Saturday, June 21, 2008

Thang 1 and Thang 2



Well ladies and gentlemen, the time has arrived. We know the sex of the baby. That's right, we're having a

What? Did you think I would tell you at the top of the article? Did you not think that there was an interesting story to go with the news? Well, dear readers, you should know us better by now. There is never not a complicated/ohmygod/holyshitballs story to accompany what should be a simple excursion. Thus, the basis of our whole relationship.

So, here we go:

Because the government has allowed us to have a free baby, we finally were able to set up an appointment yesterday.
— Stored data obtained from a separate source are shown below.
(* Let $m\ge 2$ and let $n_1,\dots,n_m\ge 4$ be even. Then the strong metric dimension of the even chain cycle satisfies $$sdim(\mathcal{C}(C_{n_1},\dots,C_{n_m}))=1+\sum_{i=1}^{m}\frac{n_i-2}{2}.$$
   Context: Let $C_{n_1},\dots,C_{n_m}$ be pairwise disjoint cycles, $V(C_{n_i})=\{v^i_1,\dots,v^i_{n_i}\}$ with $v^i_j$ adjacent to $v^i_{j+1}$ (indices mod $n_i$). The even chain cycle (all $n_i$ even) is obtained by identifying $v^i_{n_i/2+1}$ with $v^{i+1}_1$ for $i=1,\dots,m-1$. A vertex $w$ strongly resolves distinct vertices $u,v$ if $u$ lies on some shortest $v$–$w$ path or $v$ lies on some shortest $u$–$w$ path. A set $W\subseteq V(G)$ is a strong resolving set if every pair of distinct vertices is strongly resolved by some $w\in W$; $sdim(G)$ is the minimum size of a strong resolving set. *)

theory Defs
  imports Main
begin

definition walk :: "('a \<Rightarrow> 'a \<Rightarrow> bool) \<Rightarrow> 'a list \<Rightarrow> bool" where
  "walk E xs \<longleftrightarrow> xs \<noteq> [] \<and> (\<forall>k. Suc k < length xs \<longrightarrow> E (xs ! k) (xs ! Suc k))"

definition gdist :: "'a set \<Rightarrow> ('a \<Rightarrow> 'a \<Rightarrow> bool) \<Rightarrow> 'a \<Rightarrow> 'a \<Rightarrow> nat" where
  "gdist V E u v = (LEAST k. \<exists>xs. walk E xs \<and> set xs \<subseteq> V \<and> hd xs = u \<and> last xs = v
                                    \<and> length xs = Suc k)"

definition shortest_path :: "'a set \<Rightarrow> ('a \<Rightarrow> 'a \<Rightarrow> bool) \<Rightarrow> 'a \<Rightarrow> 'a \<Rightarrow> 'a list \<Rightarrow> bool" where
  "shortest_path V E u v p \<longleftrightarrow> walk E p \<and> set p \<subseteq> V \<and> hd p = u \<and> last p = v
                                \<and> length p = Suc (gdist V E u v)"

definition strongly_resolves ::
  "'a set \<Rightarrow> ('a \<Rightarrow> 'a \<Rightarrow> bool) \<Rightarrow> 'a \<Rightarrow> 'a \<Rightarrow> 'a \<Rightarrow> bool" where
  "strongly_resolves V E w u v \<longleftrightarrow>
     (\<exists>p. shortest_path V E v w p \<and> u \<in> set p) \<or> (\<exists>p. shortest_path V E u w p \<and> v \<in> set p)"

definition strong_resolving_set :: "'a set \<Rightarrow> ('a \<Rightarrow> 'a \<Rightarrow> bool) \<Rightarrow> 'a set \<Rightarrow> bool" where
  "strong_resolving_set V E W \<longleftrightarrow> W \<subseteq> V \<and>
     (\<forall>u\<in>V. \<forall>v\<in>V. u \<noteq> v \<longrightarrow> (\<exists>w\<in>W. strongly_resolves V E w u v))"

definition sdim :: "'a set \<Rightarrow> ('a \<Rightarrow> 'a \<Rightarrow> bool) \<Rightarrow> nat" where
  "sdim V E = (LEAST k. \<exists>W. strong_resolving_set V E W \<and> finite W \<and> card W = k)"

(* Vertex v^i_j is the pair (i,j),
   1 <= i <= m, 1 <= j <= n i.  The identification of v^i_{n_i/2+1} with v^{i+1}_1
   is realised by the representative map chain_rep, sending (i+1,1) to (i, n_i/2+1). *)
definition chain_rep :: "(nat \<Rightarrow> nat) \<Rightarrow> nat \<times> nat \<Rightarrow> nat \<times> nat" where
  "chain_rep n p = (if 2 \<le> fst p \<and> snd p = 1 then (fst p - 1, n (fst p - 1) div 2 + 1) else p)"
(* For $k\ge2$, let $\mathcal B'$ be the set of $k\times k$ symmetric matrices over $\mathbb F_2$ of rank $k-2$ with every row sum $0$. Then $\#\mathcal B'=2^{\binom{k-1}{2}}\,u_{k-1}\,(2^{k-1}-1)$, where $u_j=\prod_{i=1}^{\lfloor j/2\rfloor}(1-2^{1-2i})$. *)

theory Defs
  imports "HOL-Library.Z2" "Jordan_Normal_Form.DL_Rank"
begin

text \<open>F_2 is the field type bit (HOL-Library.Z2); matrices and rank are those of
  Jordan_Normal_Form (rank = dimension of the column span).\<close>

definition u :: "nat \<Rightarrow> real" where
  "u j = (\<Prod>i = 1..j div 2. (1 - 2 powr (1 - 2 * real i)))"

end

theory Submission
  imports Defs "Berlekamp_Zassenhaus.Berlekamp_Type_Based"
begin

text \<open>Over a finite field a square matrix of size n and rank r has a kernel with
  CARD('a)^(n - r) elements, so the rank condition is a condition on the kernel size.
  Write a symmetric matrix of size n + 1 in bordered form [[a, b^T], [b, C]]. Zero row sums
  force b = - C 1 and a = 1^T C 1, and then the kernel is that of C, shifted along the
  all-ones vector and one dimension larger. So the matrices counted correspond to the
  symmetric matrices of size k - 1 and nullity 1 over F_2.

  Let N(n, d) be the number of symmetric n x n matrices over F_2 of nullity d. Classifying
  the borderings of C: for a = 1 the kernel is that of C - b b^T; for a = 0, b = 0 the
  nullity grows by one; for a = 0, b \<noteq> 0 a congruence moves b to the first unit vector,
  after which the kernel is that of the inner block of C. Hence
  N(n+2, d) = 2^(n+1) N(n+1, d) + N(n+1, d-1) + (2^(n+1) - 1) 2^(n+1) N(n, d),
  which is solved by N(n, 0) = 2^((n+1) choose 2) u(n+1) and N(n+1, 1) = (2^(n+1) - 1) N(n, 0).\<close>

declare add_bit_eq_xor[simp del] mult_bit_eq_and[simp del]
  \<comment> \<open>keep F_2 arithmetic as field arithmetic instead of XOR and AND\<close>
The beauty of yesterday was that Rachel was off, and I had to go to the wine store at 3, with an appointment at 1. There would be plenty of time to make sure things were okay...

Ha.

At 9:45 in the morning I called a new place of employment (that's right, I'm technically working three jobs) and they informed me that I had to go immediately into Norman to take a drug test. Okay, no problem. So, I leave Rachel, depart to take my drug test, and found it a simply painless procedure, with the exception of me not having to pee when I had to take the test, thus allowing for some actual pain to squeeze a little out. *

* keep note of these events as there are more pee related incidents to describe.

Upon entering the testing room, it was a ten by ten room with floor to ceiling windows in an office park with only a toilet in the corner. How quaint. I wasn't allowed to flush, wash my hands, or throw anything in the garbage can (and by garbage can, I mean on the floor). I squeezed what little I could out, praying that I didn't have to take it again, or sit around in this freakish example of a room gone terribly, terribly wrong, and drink water under supervision. Luckily, there was enough juice, and that was that.

So, I drive back home.

We had an hour to go, and so I decided to have lunch while Rachel was getting ready. Sitting quietly at the table, like a gentleman, reading the latest issue of TIME Magazine (i.e. Cracked.com), I see a head peek around the corner.

"What are you doing?", I calmly inquired to the head.

"Nothing. Keep eating", the giant head replied.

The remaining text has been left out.